Last week, while visiting Monteverde, Costa Rica, where its extensive rainforest’s exquisite beauty is accessible and preserved, I had the opportunity to visit its Butterfly Garden. Not actually an outdoor garden but rather a series of buildings and enclosures, each featuring a variety of butterfly species which illustrate a particular feature such as camouflage or mimicry. Our tour began in one such building—where our guide, Nathaniel, an attractive young scientist from Ottawa, held forth on rainforest creatures such as tarantulas and scorpions and cockroaches. (Since each tour was to enter and exit each building en masse, so as to prevent any of these gorgeous creatures from escaping, I think the grand design for his holding-forth was to make sure everyone who planned to join us was actually there.)

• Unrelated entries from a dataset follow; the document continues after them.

(* Let $U$ be a Banach space with norm $\|\cdot\|$, $V$ a Hilbert space, $\psi:U\times V\to V$, and $(\bar u,\bar v)$ in the interior of the domain of $\psi$ with $\psi(\bar u,\bar v)=0$. Assume (a) there are neighborhoods ${\cal B}_U$ of $\bar u$ and ${\cal B}_V$ of $\bar v$ such that $\psi$ is continuous on ${\cal B}_U\times{\cal B}_V$; (b) $\psi(u,\cdot)$ is strongly monotone on ${\cal B}_V$ uniformly in $u\in{\cal B}_U$, i.e. there is $\tau>0$ with $\langle\psi(u,v_1)-\psi(u,v_2),v_1-v_2\rangle\ge\tau\|v_1-v_2\|^2$ for all $v_1,v_2\in{\cal B}_V$, $u\in{\cal B}_U$; (c) $\psi(\cdot,v)$ is Lipschitz continuous on $U$ uniformly in $v\in{\cal B}_V$. Then, with $S(u):=\{v\in V:\psi(u,v)=0\}$ for $u\in U$: (i) $S$ has a single-valued localization around $\bar u$ for $\bar v$; (ii) this localization is Lipschitz continuous around $\bar u$.
   Context: A set-valued map $S:U\rightrightarrows V$ has a single-valued localization around $\bar u$ for $\bar v\in S(\bar u)$ if there are neighborhoods $W$ of $\bar u$ and $O$ of $\bar v$ such that $u\mapsto S(u)\cap O$ is single-valued on $W$ (in particular $W\subset\operatorname{dom}S$); it is Lipschitz continuous around $\bar u$ if this single-valued map is Lipschitz on $W$. *)

theory Defs
  imports "HOL-Analysis.Analysis"
begin

definition sv_localization_on :: "('a::topological_space \<Rightarrow> 'b::topological_space set)
    \<Rightarrow> 'a \<Rightarrow> 'b \<Rightarrow> 'a set \<Rightarrow> 'b set \<Rightarrow> bool" where
  "sv_localization_on S ub vb W Ov \<longleftrightarrow>
     vb \<in> S ub \<and> ub \<in> interior W \<and> vb \<in> interior Ov \<and> (\<forall>u\<in>W. \<exists>!v. v \<in> S u \<inter> Ov)"

definition has_sv_localization :: "('a::topological_space \<Rightarrow> 'b::topological_space set)
    \<Rightarrow> 'a \<Rightarrow> 'b \<Rightarrow> bool" where
  "has_sv_localization S ub vb \<longleftrightarrow> (\<exists>W Ov. sv_localization_on S ub vb W Ov)"

definition has_lipschitz_sv_localization :: "('a::metric_space \<Rightarrow> 'b::metric_space set)
    \<Rightarrow> 'a \<Rightarrow> 'b \<Rightarrow> bool" where
  "has_lipschitz_sv_localization S ub vb \<longleftrightarrow>
     (\<exists>W Ov L. sv_localization_on S ub vb W Ov \<and>
        (lipschitz_on L W (\<lambda>u. THE v. v \<in> S u \<inter> Ov)))"

end

(* For fixed u near ub, a zero of psi u near vb is obtained by Minty's trick: strong monotonicity
   turns the Minty inequality into a Kirszbraun-type condition on a family of balls, and Kirszbraun's
   intersection theorem in Hilbert space (a minimax argument for finitely many balls, completeness
   for arbitrary families) provides the Minty point. Strong monotonicity also makes this zero unique
   near vb and, combined with the uniform Lipschitz continuity of psi in u, gives the Lipschitz
   constant L / tau of the solution map. *)

theory Submission
  imports Defs
begin

section \<open>Kirszbraun's intersection theorem for finitely many balls\<close>

lemma sum_pairwise_sq_dist:
  fixes f :: "'i \<Rightarrow> 'v::real_inner"
  assumes "sum u Y = 1"
  shows "(\<Sum>y\<in>Y. \<Sum>z\<in>Y. u y * u z * (norm (f y - f z))\<^sup>2)
       = 2 * ((\<Sum>y\<in>Y. u y * (norm (f y))\<^sup>2) - (norm (\<Sum>y\<in>Y. u y *\<^sub>R f y))\<^sup>2)"
proof -
  have expand: "(norm (f y - f z))\<^sup>2 = (norm (f y))\<^sup>2 - 2 * inner (f y) (f z) + (norm (f z))\<^sup>2" for y z
    by (simp add: power2_norm_eq_inner inner_diff_left inner_diff_right inner_commute)
  have cross: "(\<Sum>y\<in>Y. \<Sum>z\<in>Y. u y * u z * inner (f y) (f z)) = (norm (\<Sum>y\<in>Y. u y *\<^sub>R f y))\<^sup>2"
    by (simp add: power2_norm_eq_inner inner_sum_left inner_sum_right sum_distrib_left mult.assoc inner_commute)
      (subst sum.swap, simp add: mult.left_commute inner_commute)
  have left: "(\<Sum>y\<in>Y. \<Sum>z\<in>Y. u y * u z * (norm (f y))\<^sup>2) = (\<Sum>y\<in>Y. u y * (norm (f y))\<^sup>2)"
    using assms by (simp add: mult.commute mult.left_commute flip: sum_distrib_left sum_distrib_right)
  have right: "(\<Sum>y\<in>Y. \<Sum>z\<in>Y. u y * u z * (norm (f z))\<^sup>2) = (\<Sum>y\<in>Y. u y * (norm (f y))\<^sup>2)"
    using left by (subst sum.swap) (simp add: mult.commute)
  have "(\<Sum>y\<in>Y. \<Sum>z\<in>Y. u y * u z * (norm (f y - f z))\<^sup>2)
      = (\<Sum>y\<in>Y. \<Sum>z\<in>Y. u y * u z * (norm (f y))\<^sup>2) + (\<Sum>y\<in>Y. \<Sum>z\<in>Y. u y * u z * (norm (f z))\<^sup>2)
        - 2 * (\<Sum>y\<in>Y. \<Sum>z\<in>Y. u y * u z * inner (f y) (f z))"
    by (simp add: expand algebra_simps sum.distrib sum_subtractf sum_distrib_left)
  then show ?thesis using left right cross by simp
qed

lemma barycenter_sq_dist_le:
  fixes b :: "'v::real_inner \<Rightarrow> 'v"
  assumes u_nonneg: "\<And>y. y \<in> Y \<Longrightarrow> 0 \<le> u y" and u_sum: "sum u Y = 1"
    and expanding: "\<And>y z. y \<in> Y \<Longrightarrow> z \<in> Y \<Longrightarrow> norm (y - z) \<le> norm (b y - b z)"
  shows "(\<Sum>y\<in>Y. u y * (norm ((\<Sum>z\<in>Y. u z *\<^sub>R z) - y))\<^sup>2) \<le> (\<Sum>y\<in>Y. u y * (norm (b y))\<^sup>2)"
proof -
  define v where "v = (\<Sum>z\<in>Y. u z *\<^sub>R z)"
  have centered: "(\<Sum>y\<in>Y. u y *\<^sub>R (y - v)) = 0"
    using u_sum by (simp add: v_def scaleR_diff_right sum_subtractf flip: scaleR_sum_left)
  have "2 * (\<Sum>y\<in>Y. u y * (norm (v - y))\<^sup>2) = (\<Sum>y\<in>Y. \<Sum>z\<in>Y. u y * u z * (norm (y - z))\<^sup>2)"
    using sum_pairwise_sq_dist[OF u_sum, of "\<lambda>y. y - v"] centered
    by (simp add: norm_minus_commute)
  also have "\<dots> \<le> (\<Sum>y\<in>Y. \<Sum>z\<in>Y. u y * u z * (norm (b y - b z))\<^sup>2)"
    using u_nonneg expanding by (intro sum_mono mult_left_mono power_mono) auto
  also have "\<dots> \<le> 2 * (\<Sum>y\<in>Y. u y * (norm (b y))\<^sup>2)"
    unfolding sum_pairwise_sq_dist[OF u_sum] by simp
  finally show ?thesis by (simp add: v_def)
qed

lemma continuous_on_Max:
  fixes f :: "'i \<Rightarrow> 'a::topological_space \<Rightarrow> real"
  assumes "finite J" "J \<noteq> {}" "\<And>i. i \<in> J \<Longrightarrow> continuous_on S (f i)"
  shows "continuous_on S (\<lambda>x. Max ((\<lambda>i. f i x) ` J))"
  using assms
proof (induction J rule: finite_ne_induct)
  case (insert i J)
  then show ?case by (simp add: continuous_on_max)
qed simp

lemma eventually_closer_towards_closest_point:
  fixes v p y :: "'v::real_inner"
  assumes "convex H" "closed H" "p \<in> H" "y \<in> H" "p \<noteq> v"
    and closest: "\<And>q. q \<in> H \<Longrightarrow> dist v p \<le> dist v q"
  shows "\<forall>\<^sub>F t in at_right 0. norm (v + t *\<^sub>R (p - v) - y) < norm (v - y)"
proof -
  have "inner (v - p) (y - p) \<le> 0" using assms by (intro any_closest_point_dot) auto
  moreover have "inner (y - v) (p - v) = (norm (p - v))\<^sup>2 - inner (v - p) (y - p)"
    by (simp add: power2_norm_eq_inner inner_diff_left inner_diff_right inner_commute)
  moreover have "0 < (norm (p - v))\<^sup>2" using \<open>p \<noteq> v\<close> by simp
  ultimately have "0 < inner (y - v) (p - v)" by linarith
  then obtain b where "b > 0"
    and closer: "\<And>t. 0 < t \<Longrightarrow> t \<le> b \<Longrightarrow> norm (t *\<^sub>R (p - v) - (y - v)) < norm (y - v)"
    using closer_points_lemma by blast
  have "norm (v + t *\<^sub>R (p - v) - y) < norm (v - y)" if "0 < t" "t < b" for t
    using closer[of t] that by (simp add: norm_minus_commute algebra_simps)
  then show ?thesis using \<open>b > 0\<close> by (auto simp: eventually_at_right_field)
qed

As Nathaniel offered detailed and humorous descriptions of the intricate and intriguing mating rituals of various creepy, crawly creatures, I found myself saddened by what’s currently happening to scientific research; the same sort of academic pursuit which, over time, had resulted in his fascinating monologue. And told him so as we began to file out.
“Don’t worry,” he assured me. “There’s lots of us who are passionate about research! It’ll go on.”

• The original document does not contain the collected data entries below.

text \<open>Airy functions via the standard Maclaurin series (DLMF 9.4.1--9.4.2).
  The two basic even/odd-type solutions of u'' = x u:
  f(x) = sum_k 3^k (1/3)_k x^(3k) / (3k)!,  g(x) = sum_k 3^k (2/3)_k x^(3k+1) / (3k+1)!.\<close>

definition airy_f :: "real \<Rightarrow> real" where
  "airy_f x = (\<Sum>k. 3 ^ k * pochhammer (1/3) k * x ^ (3*k) / fact (3*k))"

definition airy_g :: "real \<Rightarrow> real" where
  "airy_g x = (\<Sum>k. 3 ^ k * pochhammer (2/3) k * x ^ (3*k+1) / fact (3*k+1))"

text \<open>Ai(0) = 1/(3^(2/3) Gamma(2/3)),  -Ai'(0) = 1/(3^(1/3) Gamma(1/3)).\<close>

definition airy_c1 :: real where
  "airy_c1 = 1 / (3 powr (2/3) * Gamma (2/3))"

definition airy_c2 :: real where
  "airy_c2 = 1 / (3 powr (1/3) * Gamma (1/3))"

definition Ai :: "real \<Rightarrow> real" where
  "Ai x = airy_c1 * airy_f x - airy_c2 * airy_g x"

definition Bi :: "real \<Rightarrow> real" where
  "Bi x = sqrt 3 * (airy_c1 * airy_f x + airy_c2 * airy_g x)"

end

theory Submission
  imports Defs
begin

(*
  Ai and Bi are power series solutions of u'' = x u with constant Wronskian
  W = Ai Bi' - Ai' Bi = 2 sqrt 3 c1 c2 > 0. Integrating the Maclaurin series of Ai termwise
  against Gamma integrals gives pi Ai(x) = integral of exp(-t^3/3) Im(\<omega> exp(-\<omega> x t)) over
  t \<ge> 0, with \<omega> = exp(i pi/3); hence Ai is bounded on [0,\<infinity>). Boundedness and W > 0 force
  Ai > 0 > Ai' there, and a Riccati argument for Ai'/Ai gives Ai'(t)^2 > t Ai(t)^2, i.e.
  a(t) = \<mu> Ai(t) + Ai'(t) < 0 for t \<ge> \<mu>^2. Since \<phi>'(x) = pi exp(\<mu> x) a(\<mu>^2 + x), \<phi> decreases.
  With b(t) = \<mu> Bi(t) + Bi'(t) we get \<psi>'(x) = exp(\<mu> x) (C a + b)(\<mu>^2 + x) and C = -(b/a)(\<mu>^2);
  as (b/a)' = (\<mu>^2 - t) W / a^2 < 0 for t > \<mu>^2, b/a drops below -C, so C a + b > 0.
*)

section \<open>Power series solutions of u'' = x u\<close>

definition power_series :: "(nat \<Rightarrow> real) \<Rightarrow> real \<Rightarrow> real" where
  "power_series c x = (\<Sum>n. c n * x ^ n)"

lemma power_series_zero [simp]: "power_series c 0 = c 0"
  unfolding power_series_def by (rule powser_zero)

text \<open>The recurrence below is u'' = x u for the Maclaurin coefficients c of u.\<close>

lemma airy_recurrence_sq_fact_bounded:
  fixes c :: "nat \<Rightarrow> real"
  assumes rec: "\<And>n. c (n+3) * (real (n+3) * real (n+2)) = c n"
  shows "c n ^ 2 * fact n \<le> max (c 0 ^ 2) (max (c 1 ^ 2) (c 2 ^ 2 * 2))"
proof -
  let ?K = "max (c 0 ^ 2) (max (c 1 ^ 2) (c 2 ^ 2 * 2))"
  have step: "c (n+3) ^ 2 * fact (n+3) \<le> c n ^ 2 * fact n" for n
  proof -
    have fact: "fact (n+3) = real (n+3) * real (n+2) * real (n+1) * (fact n :: real)"
      by (simp add: fact_Suc algebra_simps numeral_3_eq_3)
    have pos: "real (n+3) * real (n+2) > 0" by simp
    have "c (n+3) = c n / (real (n+3) * real (n+2))"
      using rec[of n] pos by (simp add: eq_divide_eq)
    then have "c (n+3) ^ 2 * fact (n+3)
        = (c n / (real (n+3) * real (n+2))) ^ 2 * (real (n+3) * real (n+2) * real (n+1) * fact n)"
      by (simp add: fact)
    also have "\<dots> = c n ^ 2 * fact n * (real (n+1) / (real (n+3) * real (n+2)))"
      using pos by (simp add: power2_eq_square divide_simps)
    also have "\<dots> \<le> c n ^ 2 * fact n * 1"
    proof (intro mult_left_mono)
      have "real (n+1) \<le> real (n+3) * real (n+2)" by (simp add: algebra_simps)
      then show "real (n+1) / (real (n+3) * real (n+2)) \<le> 1" using pos by (simp add: divide_le_eq_1)
    qed auto
    finally show ?thesis by simp
  qed
  have "c n ^ 2 * fact n \<le> ?K \<and> c (n+1) ^ 2 * fact (n+1) \<le> ?K \<and> c (n+2) ^ 2 * fact (n+2) \<le> ?K"
  proof (induction n)
    case 0
    then show ?case by (simp add: numeral_2_eq_2 del: max.bounded_iff) (simp add: max_def)
  next
    case (Suc n)
    have "c (n+3) ^ 2 * fact (n+3) \<le> ?K" using step[of n] Suc.IH by linarith
    moreover have "n + 1 + 2 = n + 3" "n + 1 + 1 = n + 2" "Suc n = n + 1" by auto
    ultimately show ?case using Suc.IH by (simp only:)
  qed
  then show ?thesis by blast
qed

lemma summable_power_div_sqrt_fact: "summable (\<lambda>n. \<bar>y\<bar> ^ n / sqrt (fact n))"
proof (rule summable_ratio_test[where c = "1/2" and N = "nat \<lceil>4 * y^2\<rceil>"])
  fix n assume n: "n \<ge> nat \<lceil>4 * y^2\<rceil>"
  have "sqrt (fact (Suc n)) = sqrt (real (Suc n)) * sqrt (fact n)"
    by (simp add: real_sqrt_mult)
  moreover have "2 * \<bar>y\<bar> \<le> sqrt (real (Suc n))"
  proof -
    have "(2 * \<bar>y\<bar>) ^ 2 \<le> real (Suc n)" using n by (simp add: power2_eq_square; linarith)
    then show ?thesis by (simp add: real_le_rsqrt)
  qed
  ultimately show "norm (\<bar>y\<bar> ^ Suc n / sqrt (fact (Suc n))) \<le> 1/2 * norm (\<bar>y\<bar> ^ n / sqrt (fact n))"
    using mult_left_mono[of "\<bar>y\<bar> * 2" "sqrt (real (Suc n))" "\<bar>y\<bar> ^ n"]
    by (auto simp: field_simps mult_right_mono)
qed simp

lemma summable_airy_recurrence:
  fixes c :: "nat \<Rightarrow> real"
  assumes rec: "\<And>n. c (n+3) * (real (n+3) * real (n+2)) = c n"
  shows "summable (\<lambda>n. c n * y ^ n)"
proof -
  define K where "K = max (c 0 ^ 2) (max (c 1 ^ 2) (c 2 ^ 2 * 2))"
  have "\<bar>c n\<bar> \<le> sqrt K / sqrt (fact n)" for n
  proof -
    have "\<bar>c n\<bar> = sqrt (c n ^ 2 * fact n) / sqrt (fact n)"
      by (simp add: real_sqrt_mult)
    also have "\<dots> \<le> sqrt K / sqrt (fact n)"
      using airy_recurrence_sq_fact_bounded[OF rec, of n] unfolding K_def
      by (intro divide_right_mono) auto
    finally show ?thesis .
  qed
  then have "norm (c n * y ^ n) \<le> sqrt K * (\<bar>y\<bar> ^ n / sqrt (fact n))" for n
    using mult_right_mono[of "\<bar>c n\<bar>" "sqrt K / sqrt (fact n)" "\<bar>y\<bar> ^ n"]
    by (auto simp: abs_mult power_abs)
  then show ?thesis
    by (intro summable_comparison_test[OF _ summable_mult[OF summable_power_div_sqrt_fact]]) auto
qed

lemma DERIV_power_series_airy_recurrence:
  fixes c :: "nat \<Rightarrow> real"
  assumes rec: "\<And>n. c (n+3) * (real (n+3) * real (n+2)) = c n" and c2: "c 2 = 0"
  shows "(power_series c has_real_derivative power_series (diffs c) x) (at x)"
    and "(power_series (diffs c) has_real_derivative x * power_series c x) (at x)"
proof -
  have summable: "\<And>y. summable (\<lambda>n. c n * y ^ n)" by (rule summable_airy_recurrence[OF rec])
  show "(power_series c has_real_derivative power_series (diffs c) x) (at x)"
    unfolding power_series_def by (rule termdiffs_strong_converges_everywhere[OF summable])
  have "(power_series (diffs c) has_real_derivative power_series (diffs (diffs c)) x) (at x)"
    unfolding power_series_def
    by (rule termdiffs_strong_converges_everywhere[OF termdiff_converges_all[OF summable]])
  moreover have "power_series (diffs (diffs c)) x = x * power_series c x"
  proof -
    have "diffs (diffs c) (Suc n) * x ^ Suc n = c n * x ^ n * x" for n
      using rec[of n] by (simp add: diffs_def numeral_3_eq_3 algebra_simps)
    then have "(\<lambda>n. diffs (diffs c) (Suc n) * x ^ Suc n) sums (power_series c x * x)"
      unfolding power_series_def using sums_mult2[OF summable_sums[OF summable]]
      by (metis (no_types, lifting) sums_cong)
    then have "(\<lambda>n. diffs (diffs c) n * x ^ n) sums (power_series c x * x + diffs (diffs c) 0)"
      by (subst (asm) sums_Suc_iff) simp
    moreover have "diffs (diffs c) 0 = 0" using c2 by (simp add: diffs_def numeral_2_eq_2)
    ultimately show ?thesis unfolding power_series_def by (simp add: sums_iff mult.commute)
  qed
  ultimately show "(power_series (diffs c) has_real_derivative x * power_series c x) (at x)"
    by simp
qed

section \<open>The Airy functions and their derivatives\<close>

definition airy_f_coeff :: "nat \<Rightarrow> real" where
  "airy_f_coeff n =
     (if n mod 3 = 0 then 3 ^ (n div 3) * pochhammer (1/3) (n div 3) / fact n else 0)"

definition airy_g_coeff :: "nat \<Rightarrow> real" where
  "airy_g_coeff n =
     (if n mod 3 = 1 then 3 ^ (n div 3) * pochhammer (2/3) (n div 3) / fact n else 0)"

lemma fact_add_3: "fact (n+3) = real (n+3) * real (n+2) * real (n+1) * (fact n :: real)"
  by (simp add: fact_Suc algebra_simps numeral_3_eq_3)

lemma divide_cancel_common_factors:
  "(a::real) \<noteq> 0 \<Longrightarrow> b \<noteq> 0 \<Longrightarrow> d \<noteq> 0 \<Longrightarrow> A * d / (a * b * d * F) * (a * b) = A / F"
  by (cases "F = 0") (simp_all add: field_simps)

lemma airy_f_coeff_recurrence:
  "airy_f_coeff (n+3) * (real (n+3) * real (n+2)) = airy_f_coeff n"
proof (cases "n mod 3 = 0")
  case True
  then obtain k where n: "n = 3*k" by auto
  have "(3*k+3) div 3 = Suc k" "(3*k+3) mod 3 = 0" by simp_all
  then have "airy_f_coeff (n+3) * (real (n+3) * real (n+2))
      = 3^k * pochhammer (1/3) k * real (3*k+1)
        / (real (3*k+3) * real (3*k+2) * real (3*k+1) * fact (3*k)) * (real (3*k+3) * real (3*k+2))"
    unfolding airy_f_coeff_def n fact_add_3 by (simp add: pochhammer_Suc algebra_simps)
  also have "\<dots> = 3^k * pochhammer (1/3) k / fact (3*k)"
    by (rule divide_cancel_common_factors) auto
  finally show ?thesis unfolding n airy_f_coeff_def by simp
qed (simp add: airy_f_coeff_def)

lemma airy_g_coeff_recurrence:
  "airy_g_coeff (n+3) * (real (n+3) * real (n+2)) = airy_g_coeff n"
proof (cases "n mod 3 = 1")
  case True
  then have "n = 3 * (n div 3) + 1" by (metis div_mult_mod_eq mult.commute)
  then obtain k where n: "n = 3*k+1" by blast
  have "(3*k+1+3) div 3 = Suc k" "(3*k+1) div 3 = k" "(3*k+1+3) mod 3 = 1" "(3*k+1) mod 3 = 1"
    by simp_all
  then have "airy_g_coeff (n+3) * (real (n+3) * real (n+2))
      = 3^k * pochhammer (2/3) k * real (3*k+2)
        / (real (3*k+4) * real (3*k+3) * real (3*k+2) * fact (3*k+1)) * (real (3*k+4) * real (3*k+3))"
    unfolding airy_g_coeff_def n fact_add_3 by (simp add: pochhammer_Suc algebra_simps)
  also have "\<dots> = 3^k * pochhammer (2/3) k / fact (3*k+1)"
    by (rule divide_cancel_common_factors) auto
  also have "\<dots> = airy_g_coeff n"
    using \<open>(3*k+1) div 3 = k\<close> \<open>(3*k+1) mod 3 = 1\<close> unfolding n airy_g_coeff_def by simp
  finally show ?thesis .
qed (simp add: airy_g_coeff_def)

Of course! Just as Mother Nature finds the most impressive ways to ensure a myriad of species’ ongoing survival, so will dedicated, knowledge-driven people under the age of fifty pursue their dreams. That’s how they’ll survive! And later that week, in the quiet, held worship at Monteverde’s Friends Meeting, it came to me that such passion is another variety of Love/Light/Spirit/God, isn’t it?